**Problem requirements**.
State the number of lines in the listing that contain "exists". No further words are expected.

===

lemma relations_insert_dependent:
  fixes \<gamma> :: "'e \<Rightarrow> ('i \<Rightarrow> 'k::field)"
  assumes "finite D" "e \<notin> D" "\<gamma> e \<in> fs.span (\<gamma> ` D)"
  shows "fs.dim (relations \<gamma> (insert e D)) = Suc (fs.dim (relations \<gamma> D))"
proof -
  obtain c where c: "\<gamma> e = (\<Sum>f\<in>D. fscale (c f) (\<gamma> f))"
    using span_image_sum[OF assms(1,3)] by blast
  define z0 :: "'e \<times> nat \<Rightarrow> 'k" where
    "z0 = (\<lambda>(f, i). if i = 0 then (if f = e then 1 else if f \<in> D then - c f else 0) else 0)"
  have z0e: "z0 (e, 0) = 1" by (simp add: z0_def)
  have z0D: "f \<in> D \<Longrightarrow> z0 (f, 0) = - c f" for f using assms(2) by (auto simp: z0_def)
  have "(\<Sum>f\<in>insert e D. fscale (z0 (f, 0)) (\<gamma> f)) = \<gamma> e + (\<Sum>f\<in>D. fscale (- c f) (\<gamma> f))"
    using assms(1,2) by (simp add: z0e z0D fscale_def fun_eq_iff)
  also have "\<dots> = 0" by (simp add: c fun_eq_iff sum_fun_apply sum_negf fscale_apply)
  finally have z0_rel: "z0 \<in> relations \<gamma> (insert e D)"
    by (auto simp: relations_def z0_def split: if_splits)
  have "z0 \<notin> fs.span (relations \<gamma> D)"
  proof
    assume "z0 \<in> fs.span (relations \<gamma> D)"
    then have "z0 (e, 0) = 0"
      by (rule span_coord_vanish) (use assms(2) in \<open>auto simp: relations_def\<close>)
    then show False by (simp add: z0e)
  qed
  then have "fs.dim (insert z0 (relations \<gamma> D)) = Suc (fs.dim (relations \<gamma> D))"
    using dim_insert_fin[OF relations_span[OF assms(1), of \<gamma>], of z0] assms(1) by simp
  then show ?thesis
    using relations_insert_span[OF assms(1,2) z0_rel z0e] fs.span_eq_dim by metis
qed

lemma relations_rank_nullity:
  fixes \<gamma> :: "'e \<Rightarrow> ('i \<Rightarrow> 'k::field)"
  assumes "finite D"
  shows "fs.dim (relations \<gamma> D) + fs.dim (\<gamma> ` D) = card D"
  using assms
proof (induction D rule: finite_induct)
  case empty
  then show ?case by (simp add: dim_relations_empty dim_empty)
next
  case (insert e D)
  have dim_image: "fs.dim (\<gamma> ` insert e D) =
      (if \<gamma> e \<in> fs.span (\<gamma> ` D) then fs.dim (\<gamma> ` D) else Suc (fs.dim (\<gamma> ` D)))"
    using dim_insert_fin[OF fs.span_superset, of "\<gamma> ` D" "\<gamma> e"] insert(1) by simp
  show ?case
  proof (cases "\<gamma> e \<in> fs.span (\<gamma> ` D)")
    case True
    then show ?thesis
      using insert relations_insert_dependent[OF insert(1,2) True] dim_image by simp
  next
    case False
    then show ?thesis
      using insert relations_insert_independent[OF insert(1,2) False] dim_image by simp
  qed
qed

section \<open>Extension of scalars to the rational function field\<close>

lemma rf_const_add: "rf_const (x + y) = rf_const x + rf_const y"
  by (simp add: rf_const_def single_add)

lemma rf_const_mult: "rf_const (x * y) = rf_const x * rf_const y"
  by (simp add: rf_const_def mult_single)

lemma rf_const_0: "rf_const 0 = 0"
  by (simp add: rf_const_def Zero_fract_def)

lemma rf_const_1: "rf_const 1 = 1"
  by (simp add: rf_const_def One_fract_def one_poly_mapping_def)

lemma rf_const_inj: "(rf_const x :: ('a::field, 'e::linorder) ratfun) = rf_const y \<longleftrightarrow> x = y"
proof
  assume "(rf_const x :: ('a, 'e) ratfun) = rf_const y"
  then have "(Poly_Mapping.single 0 x :: ('e \<Rightarrow>\<^sub>0 nat) \<Rightarrow>\<^sub>0 'a) = Poly_Mapping.single 0 y"
    by (simp add: rf_const_def eq_fract)
  then show "x = y" by (metis lookup_single_eq)
qed simp

lemma psi_nonzero: "psi e \<noteq> 0"
  by (simp add: psi_def Zero_fract_def eq_fract) (metis lookup_single_eq lookup_zero one_neq_zero)

definition to_rf :: "('i \<Rightarrow> 'a::field) \<Rightarrow> ('i \<Rightarrow> ('a, 'e::linorder) ratfun)" where
  "to_rf x = (\<lambda>p. rf_const (x p))"

lemma to_rf_inj: "to_rf x = to_rf y \<longleftrightarrow> x = y"
  by (simp add: to_rf_def fun_eq_iff rf_const_inj)

text \<open>The embedding is semilinear, so it maps spans into spans.\<close>

lemma to_rf_span:
  assumes "x \<in> fs.span A"
  shows "(to_rf x :: 'i \<Rightarrow> ('a::field, 'e::linorder) ratfun) \<in> fs.span (to_rf ` A)"
proof -
  have hom: "to_rf (x + y) = to_rf x + to_rf y" "to_rf 0 = 0"
      "to_rf (fscale c x) = fscale (rf_const c) (to_rf x)" for x y :: "'i \<Rightarrow> 'a" and c
    by (simp_all add: to_rf_def fun_eq_iff rf_const_add rf_const_0 rf_const_mult fscale_def)
  have "fs.subspace {x. (to_rf x :: 'i \<Rightarrow> ('a, 'e) ratfun) \<in> fs.span (to_rf ` A)}"
    unfolding fs.subspace_def by (auto simp: hom intro: fs.span_add fs.span_scale fs.span_zero)
  from fs.span_subspace_induct[OF assms this] show ?thesis
    by (auto intro: fs.span_base)
qed

lemma common_denominator:
  fixes lam :: "'b \<Rightarrow> 'r::idom fract"
  assumes "finite B"
  obtains Q P where "Q \<noteq> 0" "\<And>b. b \<in> B \<Longrightarrow> Fract Q 1 * lam b = Fract (P b) 1"
proof -
  have "\<forall>b. \<exists>n d. d \<noteq> 0 \<and> lam b = Fract n d"
  proof
    fix b show "\<exists>n d. d \<noteq> 0 \<and> lam b = Fract n d" by (cases "lam b") auto
  qed
  then obtain n d where nd: "\<And>b. d b \<noteq> 0" "\<And>b. lam b = Fract (n b) (d b)" by metis
  define Q where "Q = (\<Prod>b\<in>B. d b)"
  show ?thesis
  proof (rule that)
    show "Q \<noteq> 0" using nd(1) assms by (simp add: Q_def)
    fix b assume "b \<in> B"
    then have "Q = d b * (\<Prod>b'\<in>B-{b}. d b')" using assms by (simp add: Q_def prod.remove)
    then show "Fract Q 1 * lam b = Fract (n b * (\<Prod>b'\<in>B-{b}. d b')) 1"
      using nd by (simp add: eq_fract mult_ac)
  qed
qed

lemma Fract_sum: "(\<Sum>b\<in>B. Fract (f b) 1) = Fract (sum f B) (1::'r::idom)"
  by (induction B rule: infinite_finite_induct) (simp_all add: Zero_fract_def)

lemma lookup_mult_const:
  fixes P :: "('e \<Rightarrow>\<^sub>0 nat) \<Rightarrow>\<^sub>0 'a::field"
  shows "Poly_Mapping.lookup (P * Poly_Mapping.single 0 c) m = Poly_Mapping.lookup P m * c"
proof -
  have "P * Poly_Mapping.single 0 c = Poly_Mapping.map ((*) c) P"
    by (simp add: mult_map_scale_conv_mult mult.commute)
  then show ?thesis by (simp add: Poly_Mapping.map.rep_eq when_def mult.commute)
qed

text \<open>A polynomial combination of independent \<open>'a\<close>-vectors vanishes only trivially:
  compare coefficients monomial by monomial.\<close>

lemma polynomial_combination_zero:
  fixes B :: "('i \<Rightarrow> 'a::field) set" and P :: "('i \<Rightarrow> 'a) \<Rightarrow> ('e \<Rightarrow>\<^sub>0 nat) \<Rightarrow>\<^sub>0 'a"
  assumes "finite B" "fs.independent B"
    and zero: "\<And>p. (\<Sum>b\<in>B. P b * Poly_Mapping.single 0 (b p)) = 0"
    and "b0 \<in> B"
  shows "P b0 = 0"
proof (rule poly_mapping_eqI)
  fix m
  have combination: "(\<Sum>b\<in>B. fscale (Poly_Mapping.lookup (P b) m) b) = 0"
  proof
    fix p
    have "(\<Sum>b\<in>B. fscale (Poly_Mapping.lookup (P b) m) b) p
        = Poly_Mapping.lookup (\<Sum>b\<in>B. P b * Poly_Mapping.single 0 (b p)) m"
      by (simp add: sum_fun_apply fscale_def lookup_sum lookup_mult_const)
    then show "(\<Sum>b\<in>B. fscale (Poly_Mapping.lookup (P b) m) b) p = 0 p" by (simp add: zero)
  qed
  have "\<forall>u. (\<Sum>v\<in>B. fscale (u v) v) = 0 \<longrightarrow> (\<forall>v\<in>B. u v = 0)"
    using assms(1,2) unfolding fs.independent_explicit_finite_subsets by blast
  from this[rule_format, OF combination assms(4)]
  show "Poly_Mapping.lookup (P b0) m = Poly_Mapping.lookup 0 m" by simp
qed

lemma to_rf_indep:
  fixes B :: "('i \<Rightarrow> 'a::field) set"
  assumes "finite B" "fs.independent B"
  shows "fs.independent (to_rf ` B :: ('i \<Rightarrow> ('a, 'e::linorder) ratfun) set)"
proof
  assume "fs.dependent (to_rf ` B :: ('i \<Rightarrow> ('a, 'e) ratfun) set)"
  then obtain u :: "('i \<Rightarrow> ('a, 'e) ratfun) \<Rightarrow> ('a, 'e) ratfun"
    where u: "\<exists>v\<in>to_rf ` B. u v \<noteq> 0" "(\<Sum>v\<in>to_rf ` B. fscale (u v) v) = 0"
    using fs.dependent_finite assms(1) by blast
  define lam where "lam b = u (to_rf b)" for b
  have "inj_on (to_rf :: ('i \<Rightarrow> 'a) \<Rightarrow> ('i \<Rightarrow> ('a, 'e) ratfun)) B"
    by (auto simp: inj_on_def to_rf_inj)
  then have combination: "(\<Sum>b\<in>B. fscale (lam b) (to_rf b :: 'i \<Rightarrow> ('a, 'e) ratfun)) = 0"
    using u(2) by (simp add: lam_def sum.reindex)
  obtain b0 where b0: "b0 \<in> B" "lam b0 \<noteq> 0" using u(1) by (auto simp: lam_def)
  obtain Q P where QP: "Q \<noteq> 0" "\<And>b. b \<in> B \<Longrightarrow> Fract Q 1 * lam b = Fract (P b) 1"
    using common_denominator[OF assms(1)] by blast
  have "(\<Sum>b\<in>B. P b * Poly_Mapping.single 0 (b p)) = 0" for p
  proof -
    have "(\<Sum>b\<in>B. lam b * rf_const (b p)) = (0 :: ('a, 'e) ratfun)"
      using fun_cong[OF combination, of p] by (simp add: sum_fun_apply fscale_def to_rf_def)
    then have "Fract Q 1 * (\<Sum>b\<in>B. lam b * rf_const (b p)) = (0 :: ('a, 'e) ratfun)"
      by simp
    then have "(\<Sum>b\<in>B. Fract (P b) 1 * rf_const (b p)) = (0 :: ('a, 'e) ratfun)"
      by (simp add: sum_distrib_left mult.assoc[symmetric] QP(2) cong: sum.cong)
    then show ?thesis by (simp add: rf_const_def Fract_sum Zero_fract_def eq_fract)
  qed
  then have "P b0 = 0" by (rule polynomial_combination_zero[OF assms _ b0(1)])
  then have "Fract Q 1 * lam b0 = 0" using QP(2)[OF b0(1)] by (simp add: Zero_fract_def)
  moreover have "Fract Q 1 \<noteq> (0 :: ('a, 'e) ratfun)" using QP(1) by (simp add: Zero_fract_def eq_fract)
  ultimately show False using b0(2) by simp
qed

===

**Exercise response**.
3